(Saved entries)
(* In the setting below with $P=\mathfrak S$, the worst case setting and the normalized error criterion: $\{S_d\}$ is strongly polynomially tractable if and only if $\lambda\in\ell_\tau$ for some $\tau>0$, $\lambda_1>\lambda_2$, and $d-\#I_d\in O(1)$. Moreover, $\{S_d\}$ is polynomially tractable if and only if $\lambda\in\ell_\tau$ for some $\tau>0$ and $d-\#I_d\in O(\ln d)$.
   Context: Setting: $S_1:H_1\to G_1$ is a compact linear operator between real Hilbert spaces ($H_1$ infinite-dimensional separable); $\lambda=(\lambda_m)_{m\in\mathbb N}$, $\lambda_1\ge\lambda_2\ge\dots\ge0$, are the eigenvalues of $S_1^\dagger S_1$. $S_d=S_1^{\otimes d}:H_1^{\otimes d}\to G_1^{\otimes d}$. For each $d$ fix $\emptyset\ne I_d=\{i_1<\dots<i_{a_d}\}\subset\{1,\dots,d\}$ ($I_1=\{1\}$), put $a_d=\#I_d$, $b_d=d-a_d$, and fix one type $P\in\{\mathfrak S,\mathfrak A\}$ for all $d$; the problem $\{S_d\}$ is the family of restrictions of $S_d$ to the $I_d$-symmetric subspace (if $P=\mathfrak S$) or $I_d$-antisymmetric subspace (if $P=\mathfrak A$) of $H_1^{\otimes d}$, i.e. the range of $\frac1{a_d!}\sum_{\pi}(\pm1)U_\pi$, the sum over permutations $\pi$ of $\{1,\dots,d\}$ fixing all points outside $I_d$, $U_\pi(f_1\otimes\cdots\otimes f_d)=f_{\pi(1)}\otimes\cdots\otimes f_{\pi(d)}$, sign $(-1)^{|\pi|}$ used for $\mathfrak A$. Let $\nabla_d=\{k\in\mathbb N^d:k_{i_1}\le\dots\le k_{i_{a_d}}\}$ for $P=\mathfrak S$ and with strict inequalities for $P=\mathfrak A$; $\lambda_{d,k}=\prod_{l=1}^d\lambda_{k_l}$; $\psi:\mathbb N\to\nabla_d$ a bijection with $\lambda_{d,\psi(1)}\ge\lambda_{d,\psi(2)}\ge\cdots$. These are exactly the eigenvalues of $S_d^\dagger S_d$ on the subspace, and the information complexity is $n(\epsilon,d)=\#\{k\in\nabla_d:\lambda_{d,k}>\epsilon^2\}$, the initial error $\epsilon^{\rm init}_d=\sqrt{\lambda_{d,\psi(1)}}$ (equal to $\lambda_1^{d/2}$ if $P=\mathfrak S$, and $\sqrt{\lambda_1^{b_d}\lambda_1\lambda_2\cdots\lambda_{a_d}}$ if $P=\mathfrak A$). Normalized error criterion: polynomially tractable means $\exists C,p>0,q\ge0$ with $n(\epsilon'\epsilon_d^{\rm init},d)\le C(\epsilon')^{-p}d^q$ for all $d\in\mathbb N,\epsilon'\in(0,1]$; strongly polynomially tractable: this with $q=0$. Standing assumptions: $\lambda_2>0$ and $\epsilon_d^{\rm init}>0$ for all $d$. $\ell_\tau$: sequences with $\sum_m\lambda_m^\tau<\infty$. *)

theory Defs
  imports "HOL-Analysis.Analysis" "HOL-Library.Landau_Symbols"
begin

§ Directions for this task
Quote every line of the records above, from the first down to the one holding "theory Defs", exactly as written.

§ Result for this task
(* In the setting below with $P=\mathfrak S$, the worst case setting and the normalized error criterion: $\{S_d\}$ is strongly polynomially tractable if and only if $\lambda\in\ell_\tau$ for some $\tau>0$, $\lambda_1>\lambda_2$, and $d-\#I_d\in O(1)$. Moreover, $\{S_d\}$ is polynomially tractable if and only if $\lambda\in\ell_\tau$ for some $\tau>0$ and $d-\#I_d\in O(\ln d)$.
   Context: Setting: $S_1:H_1\to G_1$ is a compact linear operator between real Hilbert spaces ($H_1$ infinite-dimensional separable); $\lambda=(\lambda_m)_{m\in\mathbb N}$, $\lambda_1\ge\lambda_2\ge\dots\ge0$, are the eigenvalues of $S_1^\dagger S_1$. $S_d=S_1^{\otimes d}:H_1^{\otimes d}\to G_1^{\otimes d}$. For each $d$ fix $\emptyset\ne I_d=\{i_1<\dots<i_{a_d}\}\subset\{1,\dots,d\}$ ($I_1=\{1\}$), put $a_d=\#I_d$, $b_d=d-a_d$, and fix one type $P\in\{\mathfrak S,\mathfrak A\}$ for all $d$; the problem $\{S_d\}$ is the family of restrictions of $S_d$ to the $I_d$-symmetric subspace (if $P=\mathfrak S$) or $I_d$-antisymmetric subspace (if $P=\mathfrak A$) of $H_1^{\otimes d}$, i.e. the range of $\frac1{a_d!}\sum_{\pi}(\pm1)U_\pi$, the sum over permutations $\pi$ of $\{1,\dots,d\}$ fixing all points outside $I_d$, $U_\pi(f_1\otimes\cdots\otimes f_d)=f_{\pi(1)}\otimes\cdots\otimes f_{\pi(d)}$, sign $(-1)^{|\pi|}$ used for $\mathfrak A$. Let $\nabla_d=\{k\in\mathbb N^d:k_{i_1}\le\dots\le k_{i_{a_d}}\}$ for $P=\mathfrak S$ and with strict inequalities for $P=\mathfrak A$; $\lambda_{d,k}=\prod_{l=1}^d\lambda_{k_l}$; $\psi:\mathbb N\to\nabla_d$ a bijection with $\lambda_{d,\psi(1)}\ge\lambda_{d,\psi(2)}\ge\cdots$. These are exactly the eigenvalues of $S_d^\dagger S_d$ on the subspace, and the information complexity is $n(\epsilon,d)=\#\{k\in\nabla_d:\lambda_{d,k}>\epsilon^2\}$, the initial error $\epsilon^{\rm init}_d=\sqrt{\lambda_{d,\psi(1)}}$ (equal to $\lambda_1^{d/2}$ if $P=\mathfrak S$, and $\sqrt{\lambda_1^{b_d}\lambda_1\lambda_2\cdots\lambda_{a_d}}$ if $P=\mathfrak A$). Normalized error criterion: polynomially tractable means $\exists C,p>0,q\ge0$ with $n(\epsilon'\epsilon_d^{\rm init},d)\le C(\epsilon')^{-p}d^q$ for all $d\in\mathbb N,\epsilon'\in(0,1]$; strongly polynomially tractable: this with $q=0$. Standing assumptions: $\lambda_2>0$ and $\epsilon_d^{\rm init}>0$ for all $d$. $\ell_\tau$: sequences with $\sum_m\lambda_m^\tau<\infty$. *)

theory Defs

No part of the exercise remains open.